Internet Data Mining for Investment Analysis
CaroKann writes "Reuters is reporting on a Wall Street investment research company, Majestic Research, that is using web crawling techniques to track business performance. Instead of attempting to estimate business conditions by talking to company management, or pounding the pavement visiting stores, this company uses data mining systems to collect real-time sales data and other information on companies that have a web presence. Using this data, Majestic attempts to estimate company earnings more accurately than traditional research outfits."

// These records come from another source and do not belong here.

lemma linear_quotients_monomial_ideal:
  fixes D :: "mono set" and key :: "mono \<Rightarrow> 'a::linorder"
  assumes "finite D" "inj_on key D"
    and antichain: "\<And>d e. d \<in> D \<Longrightarrow> e \<in> D \<Longrightarrow> mono_dvd d e \<Longrightarrow> d = e"
    and exchange: "\<And>u d. u \<in> D \<Longrightarrow> d \<in> D \<Longrightarrow> key d < key u \<Longrightarrow>
      \<exists>v. Poly_Mapping.lookup u v < Poly_Mapping.lookup d v \<and>
        (\<exists>d'\<in>D. key d' < key u \<and> mono_dvd d' (u + Poly_Mapping.single v 1))"
  shows "linear_quotients (ideal_gen (monomial_of ` D) :: 'k::field mpoly set)"
proof -
  obtain xs where xs: "set xs = D" "distinct xs"
    using finite_distinct_list[OF \<open>finite D\<close>] by blast
  define L where "L = sort_key key xs"
  have L: "set L = D" "distinct L"
    using xs by (simp_all add: L_def)
  moreover have "sorted_wrt (<) (map key L)"
    using L assms(2) by (simp add: strict_sorted_iff distinct_map L_def)
  ultimately have L: "set L = D" "sorted_wrt (<) (map key L)" "distinct L"
    by blast+
  define us where "us = map (monomial_of :: mono \<Rightarrow> 'k mpoly) L"
  show ?thesis
    unfolding linear_quotients_def
  proof (intro exI[of _ us] conjI allI impI)
    show "distinct us"
      using L(3) by (simp add: us_def distinct_map inj_on_subset[OF inj_monomial_of])
    show "set us = min_mono_gens (ideal_gen (monomial_of ` D))"
      using L(1) by (simp add: us_def min_mono_gens_monomial_ideal[OF antichain])
    fix i assume "1 \<le> i \<and> i < length us"
    then have i: "i < length us"
      by simp
    define P where "P = {d \<in> D. key d < key (L ! i)}"
    have prefix: "set (take i us) = monomial_of ` P" "us ! i = monomial_of (L ! i)"
      using set_take_sorted_key[OF L(2)] i L(1) by (simp_all add: us_def P_def take_map)
    have "L ! i \<in> D"
      using i L(1) by (auto simp: us_def)
    then have "\<exists>v. Poly_Mapping.lookup (L ! i) v < Poly_Mapping.lookup d v \<and>
        (\<exists>d'\<in>P. mono_dvd d' (L ! i + Poly_Mapping.single v 1))" if "d \<in> P" for d
      using exchange that unfolding P_def by blast
    then have "colon (ideal_gen (monomial_of ` P)) (monomial_of (L ! i) :: 'k mpoly) =
        ideal_gen (Var ` {v. \<exists>d\<in>P. mono_dvd d (L ! i + Poly_Mapping.single v 1)})"
      by (rule colon_monomial_ideal_eq_ideal_gen_Var)
    then show "\<exists>S. colon (ideal_gen (set (take i us))) (us ! i) = ideal_gen (Var ` S)"
      unfolding prefix by blast
  qed
qed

I wrote a project in perl some years ago that would download online financial news stories and count the critical words and weigh their connotational weight, and compare that to the direction of the stock market. For example, if the words "stocks" and "down" started showing up a lot in sentences in online news stories, you might expect a downward trend.

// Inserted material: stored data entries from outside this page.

lemma run_Recv_saves_signers:
  assumes "Recv src (Bundle m sn j S) \<in> set E" "j \<in> S" "j < n"
    and "\<nexists>m'. (m', sn, j) \<in> pdelivered (fst (run n t i s E))"
  shows "S \<inter> {..<n} \<subseteq> psaved (fst (run n t i s E)) (m, sn, j)"
    and "\<exists>m'. (m', sn, j) \<in> psigned (fst (run n t i s E))"
proof -
  obtain es es' where E: "E = es @ Recv src (Bundle m sn j S) # es'"
    using split_list[OF assms(1)] by blast
  let ?s = "fst (run n t i s es)"
  have le: "pstate_le ?s (fst (run n t i s E))"
    using handle_pstate_le run_event(1)[OF E, where n = n and t = t and i = i and s = s]
      pstate_le_trans by blast
  with assms(4) have "\<nexists>m'. (m', sn, j) \<in> pdelivered ?s"
    unfolding pstate_le_def by blast
  from handle_Recv_saves_signers[OF assms(2,3) this]
    run_event(1)[OF E, where n = n and t = t and i = i and s = s]
  show "S \<inter> {..<n} \<subseteq> psaved (fst (run n t i s E)) (m, sn, j)"
    and "\<exists>m'. (m', sn, j) \<in> psigned (fst (run n t i s E))"
    unfolding pstate_le_def by blast+
qed

lemma run_first_signature_outputs:
  assumes "\<nexists>m'. (m', sn, j) \<in> psigned s" "(m', sn, j) \<in> psigned (fst (run n t i s E))" "i \<noteq> j"
  shows "\<exists>m'' S. Bundle m'' sn j S \<in> set (snd (run n t i s E)) \<and> i \<in> S \<and> j \<in> S"
proof -
  obtain es e es' m'' where E: "E = es @ e # es'"
    and before: "\<nexists>m'. (m', sn, j) \<in> psigned (fst (run n t i s es))"
    and after: "(m'', sn, j) \<in> psigned (fst (handle n t i (fst (run n t i s es)) e))"
    using run_first_change[where P = "\<lambda>s. \<exists>m'. (m', sn, j) \<in> psigned s"] assms(1,2) by blast
  from handle_first_signature_outputs[OF before after assms(3)] obtain m3 S
    where "Bundle m3 sn j S \<in> set (snd (handle n t i (fst (run n t i s es)) e))" "i \<in> S" "j \<in> S"
    by blast
  with run_event(2)[OF E, where n = n and t = t and i = i and s = s] show ?thesis by blast
qed

lemma run_quorum_saved_delivered:
  fixes s :: "'m pstate"
  assumes "quorum_saved_delivered n t sn j i s" "\<forall>e\<in>set E. \<nexists>m. e = Bcast m sn \<and> j = i"
  shows "quorum_saved_delivered n t sn j i (fst (run n t i s E))"
proof (rule run_invariant[where P = "quorum_saved_delivered n t sn j i"])
  fix s' :: "'m pstate" and e
  assume "e \<in> set E" "quorum_saved_delivered n t sn j i s'"
  with assms(2) show "quorum_saved_delivered n t sn j i (fst (handle n t i s' e))"
    by (intro handle_quorum_saved_delivered) auto
qed (fact assms(1))

lemma run_own_saved_singleton:
  fixes s :: "'m pstate"
  assumes "\<forall>m. psaved s (m, sn, i) \<subseteq> {i}"
    and "\<forall>e\<in>set E. \<nexists>src m sigs. e = Recv src (Bundle m sn i sigs) \<and> i \<in> sigs"
  shows "\<forall>m. psaved (fst (run n t i s E)) (m, sn, i) \<subseteq> {i}"
proof (rule run_invariant[where P = "\<lambda>s. \<forall>m. psaved s (m, sn, i) \<subseteq> {i}"])
  fix s' :: "'m pstate" and e
  assume "e \<in> set E" "\<forall>m. psaved s' (m, sn, i) \<subseteq> {i}"
  with assms(2) show "\<forall>m. psaved (fst (handle n t i s' e)) (m, sn, i) \<subseteq> {i}"
    by (intro handle_own_saved_singleton) auto
qed (fact assms(1))

lemma ex_first_step: "\<not> P 0 \<Longrightarrow> P K \<Longrightarrow> \<exists>k<K. \<not> P k \<and> P (Suc k)"
  by (induction K) (auto intro: less_SucI)

lemma square_gt_of_less_diff_sqrt:
  assumes "real d < real c - sqrt x" "0 \<le> x"
  shows "x < real ((c - d) * (c - d))"
proof -
  have "d < c" using assms real_sqrt_ge_zero[OF assms(2)] by linarith
  then have "sqrt x < real (c - d)"
    using assms(1) by (simp add: of_nat_diff)
  then have "(sqrt x)\<^sup>2 < (real (c - d))\<^sup>2"
    by (rule power_strict_mono) (simp_all add: assms(2))
  with assms(2) show ?thesis by (simp add: power2_eq_square del: of_nat_diff)
qed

I posted the preliminary code online in the perl newsgroup.
google "data mining" "news" "perl" etc
eat shiat and bark at the moon
A friend of mine has developed software that goes even further. It parses streaming news stories for good/bad news and executes orders before humans even finish reading. That advantage is enough to make this company a mint.

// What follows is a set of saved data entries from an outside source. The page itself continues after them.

lemma frechet_stationary_prox_objective:
  fixes G :: "real \<Rightarrow> real"
  assumes L: "L > 0" and v: "v \<in> frechet_subdiff G x"
  shows "0 \<in> frechet_subdiff (\<lambda>u. (u - (x + v / L))\<^sup>2 / 2 + G u / L) x"
  unfolding frechet_subdiff_def
proof (intro CollectI allI impI)
  fix e :: real assume "e > 0"
  have "\<forall>e>0. \<exists>d>0. \<forall>u. dist u x < d \<longrightarrow> G u \<ge> G x + v * (u - x) - e * \<bar>u - x\<bar>"
    using v by (simp add: frechet_subdiff_def)
  moreover have "L * e > 0" using L \<open>e > 0\<close> by simp
  ultimately obtain d where "d > 0"
    and near: "\<And>u. dist u x < d \<Longrightarrow> G u \<ge> G x + v * (u - x) - L * e * \<bar>u - x\<bar>"
    by blast
  have "(x - (x + v / L))\<^sup>2 / 2 + G x / L - e * \<bar>u - x\<bar> \<le> (u - (x + v / L))\<^sup>2 / 2 + G u / L"
    if "dist u x < d" for u
  proof -
    have "G x / L + v * (u - x) / L - e * \<bar>u - x\<bar> \<le> G u / L"
      using divide_right_mono[OF near[OF that], of L] L by (simp add: diff_divide_distrib add_divide_distrib)
    moreover have "(u - (x + v / L))\<^sup>2 / 2 = (x - (x + v / L))\<^sup>2 / 2 - v * (u - x) / L + (u - x)\<^sup>2 / 2"
      using L by (simp add: power2_eq_square field_simps)
    ultimately show ?thesis using zero_le_power2[of "u - x"] by linarith
  qed
  with \<open>d > 0\<close> show "\<exists>d>0. \<forall>u. dist u x < d \<longrightarrow>
      (x - (x + v / L))\<^sup>2 / 2 + G x / L + inner 0 (u - x) - e * norm (u - x)
      \<le> (u - (x + v / L))\<^sup>2 / 2 + G u / L"
    by auto
qed

lemma prox_eqI:
  assumes "\<And>u. u \<noteq> x \<Longrightarrow> (x - z)\<^sup>2 / 2 + h x < (u - z)\<^sup>2 / 2 + h u"
  shows "prox h z = x"
  unfolding prox_def
proof (rule the_equality)
  show "\<forall>v. (x - z)\<^sup>2 / 2 + h x \<le> (v - z)\<^sup>2 / 2 + h v"
    using assms by (metis order_le_less)
next
  fix u assume "\<forall>v. (u - z)\<^sup>2 / 2 + h u \<le> (v - z)\<^sup>2 / 2 + h v"
  thus "u = x" using assms[of u] by (metis not_less)
qed

lemma prox_eq_of_frechet_subgradient:
  fixes G :: "real \<Rightarrow> real"
  assumes L: "L > 0" and \<alpha>: "\<alpha> < 1" and semi: "semiconvex \<alpha> (\<lambda>u. G u / L)"
    and v: "v \<in> frechet_subdiff G x"
  shows "prox (\<lambda>u. G u / L) (x + v / L) = x"
proof (rule prox_eqI)
  define z where "z = x + v / L"
  define \<phi> where "\<phi> u = (u - z)\<^sup>2 / 2 + G u / L" for u
  have "convex_on UNIV (\<lambda>u. (G u / L + \<alpha> / 2 * u\<^sup>2) + (z\<^sup>2 / 2 - z * u))"
  proof (rule convex_on_add)
    show "convex_on UNIV (\<lambda>u. G u / L + \<alpha> / 2 * u\<^sup>2)"
      using semi by (simp add: semiconvex_def)
    show "convex_on UNIV (\<lambda>u. z\<^sup>2 / 2 - z * u)"
      by (rule convex_onI) (auto simp: field_simps)
  qed
  moreover have "\<phi> u - (1 - \<alpha>) / 2 * (norm u)\<^sup>2 = (G u / L + \<alpha> / 2 * u\<^sup>2) + (z\<^sup>2 / 2 - z * u)" for u
    by (simp add: \<phi>_def power2_eq_square field_simps)
  ultimately have cvx: "convex_on UNIV (\<lambda>u. \<phi> u - (1 - \<alpha>) / 2 * (norm u)\<^sup>2)" by simp
  have stat: "0 \<in> frechet_subdiff \<phi> x"
    using frechet_stationary_prox_objective[OF L v] by (simp add: \<phi>_def[abs_def] z_def)
  have "\<phi> x < \<phi> u" if "u \<noteq> x" for u
    using strongly_convex_frechet_stationary_imp_strict_min[OF _ cvx stat that] \<alpha> by simp
  thus "(x - (x + v / L))\<^sup>2 / 2 + G x / L < (u - (x + v / L))\<^sup>2 / 2 + G u / L" if "u \<noteq> x" for u
    using that by (simp add: \<phi>_def z_def)
qed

Having spoken to the company, I'll call your bull call. There are good proxies for retail sales data available from/over the web - how significant a channel is Amazon for some manufacturers? I don't doubt you can licence all kinds of goodness from other online properties - how about cars.com? Also TFA isn't entirely accurate. As well as data mining the internet, they also have access to a large number of proprietary (& $$) data sources - the drug prescription data you mention comes from companies like IMS Health & ImpactRX.
Stop whoring! AC me up Scotty!
Computers should be able to give a much more unbiased assessment of the economy than any person ever could. People are essentially incapable of interpreting economic data in a straightforward way, political agendas always seem to work their way into economists opinions about the economy. By using algorithms to do the analysis (and allowing market forces to refine those algorithms), we should be able to get a much better understanding of the REAL economy.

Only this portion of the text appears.